WHAT YOU HAVE TO DO: Write only how many lines in this data include "refl".

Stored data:
----------

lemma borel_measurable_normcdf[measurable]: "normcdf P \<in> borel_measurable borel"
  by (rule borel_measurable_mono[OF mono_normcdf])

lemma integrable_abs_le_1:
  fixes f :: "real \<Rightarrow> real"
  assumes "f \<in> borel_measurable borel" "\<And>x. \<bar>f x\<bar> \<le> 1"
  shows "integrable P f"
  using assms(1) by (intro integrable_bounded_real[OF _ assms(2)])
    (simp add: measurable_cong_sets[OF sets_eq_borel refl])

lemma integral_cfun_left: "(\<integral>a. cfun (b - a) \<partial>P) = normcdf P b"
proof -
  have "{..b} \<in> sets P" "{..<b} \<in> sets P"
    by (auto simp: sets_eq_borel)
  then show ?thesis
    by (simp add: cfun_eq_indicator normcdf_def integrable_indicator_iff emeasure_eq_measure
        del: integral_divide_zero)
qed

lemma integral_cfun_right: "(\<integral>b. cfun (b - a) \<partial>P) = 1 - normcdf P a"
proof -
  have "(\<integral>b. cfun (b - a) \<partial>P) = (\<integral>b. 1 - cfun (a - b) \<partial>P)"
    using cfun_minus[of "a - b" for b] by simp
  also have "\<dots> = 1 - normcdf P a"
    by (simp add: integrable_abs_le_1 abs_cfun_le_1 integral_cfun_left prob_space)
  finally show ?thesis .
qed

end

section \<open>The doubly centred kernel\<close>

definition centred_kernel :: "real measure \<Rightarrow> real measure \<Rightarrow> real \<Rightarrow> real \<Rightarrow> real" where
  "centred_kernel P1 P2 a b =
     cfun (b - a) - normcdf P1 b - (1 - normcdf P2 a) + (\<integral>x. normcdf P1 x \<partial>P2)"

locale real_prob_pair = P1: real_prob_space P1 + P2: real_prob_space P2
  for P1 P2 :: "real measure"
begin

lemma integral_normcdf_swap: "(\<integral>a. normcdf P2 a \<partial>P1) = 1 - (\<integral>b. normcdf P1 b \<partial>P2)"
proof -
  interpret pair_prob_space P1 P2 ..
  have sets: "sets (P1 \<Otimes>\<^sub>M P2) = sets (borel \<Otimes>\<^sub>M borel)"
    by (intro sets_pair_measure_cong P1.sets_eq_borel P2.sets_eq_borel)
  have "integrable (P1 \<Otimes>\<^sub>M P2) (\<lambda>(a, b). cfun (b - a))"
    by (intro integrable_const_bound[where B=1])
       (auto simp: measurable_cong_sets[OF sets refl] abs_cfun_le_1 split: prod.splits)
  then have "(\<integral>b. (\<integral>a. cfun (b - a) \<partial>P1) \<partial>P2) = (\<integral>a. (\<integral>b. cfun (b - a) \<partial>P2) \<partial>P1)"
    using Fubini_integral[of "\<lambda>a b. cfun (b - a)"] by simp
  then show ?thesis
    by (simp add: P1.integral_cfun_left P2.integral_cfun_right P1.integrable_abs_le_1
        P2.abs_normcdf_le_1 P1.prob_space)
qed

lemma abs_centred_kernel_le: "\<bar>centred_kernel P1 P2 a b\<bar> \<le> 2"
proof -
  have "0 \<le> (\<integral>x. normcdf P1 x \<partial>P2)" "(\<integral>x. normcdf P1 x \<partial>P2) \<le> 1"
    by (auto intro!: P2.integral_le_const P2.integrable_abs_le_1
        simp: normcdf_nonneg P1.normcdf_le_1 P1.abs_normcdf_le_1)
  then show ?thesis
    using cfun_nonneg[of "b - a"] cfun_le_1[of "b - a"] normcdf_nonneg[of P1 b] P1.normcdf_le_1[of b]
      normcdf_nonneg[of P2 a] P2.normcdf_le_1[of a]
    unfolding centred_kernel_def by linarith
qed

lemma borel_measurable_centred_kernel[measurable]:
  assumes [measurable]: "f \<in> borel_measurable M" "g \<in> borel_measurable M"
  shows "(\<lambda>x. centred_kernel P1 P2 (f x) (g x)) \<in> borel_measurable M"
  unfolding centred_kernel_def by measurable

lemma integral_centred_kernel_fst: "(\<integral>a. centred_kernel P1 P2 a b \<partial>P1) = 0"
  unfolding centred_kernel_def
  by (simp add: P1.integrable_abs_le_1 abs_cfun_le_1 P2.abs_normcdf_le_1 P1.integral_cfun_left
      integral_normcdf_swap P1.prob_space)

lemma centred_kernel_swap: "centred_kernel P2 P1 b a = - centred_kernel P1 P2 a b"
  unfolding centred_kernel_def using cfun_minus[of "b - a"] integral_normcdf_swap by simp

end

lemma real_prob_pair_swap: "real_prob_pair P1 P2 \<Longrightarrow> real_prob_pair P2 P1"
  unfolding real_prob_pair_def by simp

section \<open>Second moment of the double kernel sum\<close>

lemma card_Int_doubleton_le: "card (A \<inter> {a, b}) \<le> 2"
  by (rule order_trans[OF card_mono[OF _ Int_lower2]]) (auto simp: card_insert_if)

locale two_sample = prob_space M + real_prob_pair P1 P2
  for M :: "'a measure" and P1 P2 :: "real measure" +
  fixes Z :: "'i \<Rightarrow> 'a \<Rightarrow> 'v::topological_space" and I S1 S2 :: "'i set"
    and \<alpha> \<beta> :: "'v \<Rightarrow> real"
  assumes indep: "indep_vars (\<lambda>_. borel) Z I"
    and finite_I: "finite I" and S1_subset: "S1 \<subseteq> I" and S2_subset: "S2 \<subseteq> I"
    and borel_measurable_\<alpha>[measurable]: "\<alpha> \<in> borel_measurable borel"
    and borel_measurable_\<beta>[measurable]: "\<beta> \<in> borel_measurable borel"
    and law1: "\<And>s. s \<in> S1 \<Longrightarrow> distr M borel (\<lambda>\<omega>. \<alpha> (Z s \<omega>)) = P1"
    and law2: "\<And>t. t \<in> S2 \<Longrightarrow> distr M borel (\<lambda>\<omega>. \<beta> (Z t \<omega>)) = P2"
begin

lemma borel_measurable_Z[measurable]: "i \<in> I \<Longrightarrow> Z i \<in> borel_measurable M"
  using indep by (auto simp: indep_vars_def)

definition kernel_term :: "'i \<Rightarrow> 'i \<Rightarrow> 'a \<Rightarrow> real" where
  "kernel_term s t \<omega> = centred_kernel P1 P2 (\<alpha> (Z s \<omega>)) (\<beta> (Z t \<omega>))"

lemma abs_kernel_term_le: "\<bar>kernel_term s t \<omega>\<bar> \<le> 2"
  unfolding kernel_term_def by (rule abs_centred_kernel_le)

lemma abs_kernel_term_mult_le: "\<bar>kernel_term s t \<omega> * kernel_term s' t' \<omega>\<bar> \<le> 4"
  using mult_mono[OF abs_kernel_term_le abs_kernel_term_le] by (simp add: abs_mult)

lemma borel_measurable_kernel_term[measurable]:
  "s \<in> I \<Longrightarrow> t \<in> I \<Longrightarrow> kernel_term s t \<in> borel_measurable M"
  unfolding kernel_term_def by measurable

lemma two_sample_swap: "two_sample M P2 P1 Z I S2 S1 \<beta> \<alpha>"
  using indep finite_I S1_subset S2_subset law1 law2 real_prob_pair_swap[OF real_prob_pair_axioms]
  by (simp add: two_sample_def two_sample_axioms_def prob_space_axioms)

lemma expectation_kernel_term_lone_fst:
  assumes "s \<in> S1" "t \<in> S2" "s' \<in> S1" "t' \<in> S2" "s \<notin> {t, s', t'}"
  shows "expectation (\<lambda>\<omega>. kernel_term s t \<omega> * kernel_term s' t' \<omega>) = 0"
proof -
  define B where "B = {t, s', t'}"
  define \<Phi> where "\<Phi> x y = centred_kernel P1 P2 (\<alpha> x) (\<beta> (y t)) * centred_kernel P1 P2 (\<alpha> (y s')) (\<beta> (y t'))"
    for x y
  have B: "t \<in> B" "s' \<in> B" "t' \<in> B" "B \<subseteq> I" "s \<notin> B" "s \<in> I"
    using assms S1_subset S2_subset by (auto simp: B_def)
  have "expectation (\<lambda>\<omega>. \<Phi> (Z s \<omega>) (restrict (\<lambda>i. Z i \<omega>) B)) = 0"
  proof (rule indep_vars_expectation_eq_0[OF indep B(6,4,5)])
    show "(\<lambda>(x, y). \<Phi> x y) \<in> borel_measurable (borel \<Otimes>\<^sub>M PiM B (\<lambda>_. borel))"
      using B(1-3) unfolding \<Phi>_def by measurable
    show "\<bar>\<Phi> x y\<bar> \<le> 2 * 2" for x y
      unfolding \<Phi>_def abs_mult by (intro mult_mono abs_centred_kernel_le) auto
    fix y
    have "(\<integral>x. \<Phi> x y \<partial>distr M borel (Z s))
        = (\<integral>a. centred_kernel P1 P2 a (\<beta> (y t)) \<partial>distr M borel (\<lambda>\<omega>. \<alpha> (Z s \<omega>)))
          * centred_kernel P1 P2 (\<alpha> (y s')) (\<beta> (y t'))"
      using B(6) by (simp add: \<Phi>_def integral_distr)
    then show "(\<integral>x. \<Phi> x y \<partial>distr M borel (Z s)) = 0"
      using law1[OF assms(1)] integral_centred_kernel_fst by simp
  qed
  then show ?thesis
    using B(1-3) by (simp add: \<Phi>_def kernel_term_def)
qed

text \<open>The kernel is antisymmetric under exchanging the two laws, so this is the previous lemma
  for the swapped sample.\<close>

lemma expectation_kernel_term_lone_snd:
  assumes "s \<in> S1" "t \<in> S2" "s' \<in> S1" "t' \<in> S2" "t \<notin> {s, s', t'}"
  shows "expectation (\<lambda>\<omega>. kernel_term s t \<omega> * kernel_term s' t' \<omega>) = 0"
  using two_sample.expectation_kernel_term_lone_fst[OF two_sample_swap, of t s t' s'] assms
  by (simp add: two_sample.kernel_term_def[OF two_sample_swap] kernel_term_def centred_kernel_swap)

----------

PROBLEM SOLUTION: 2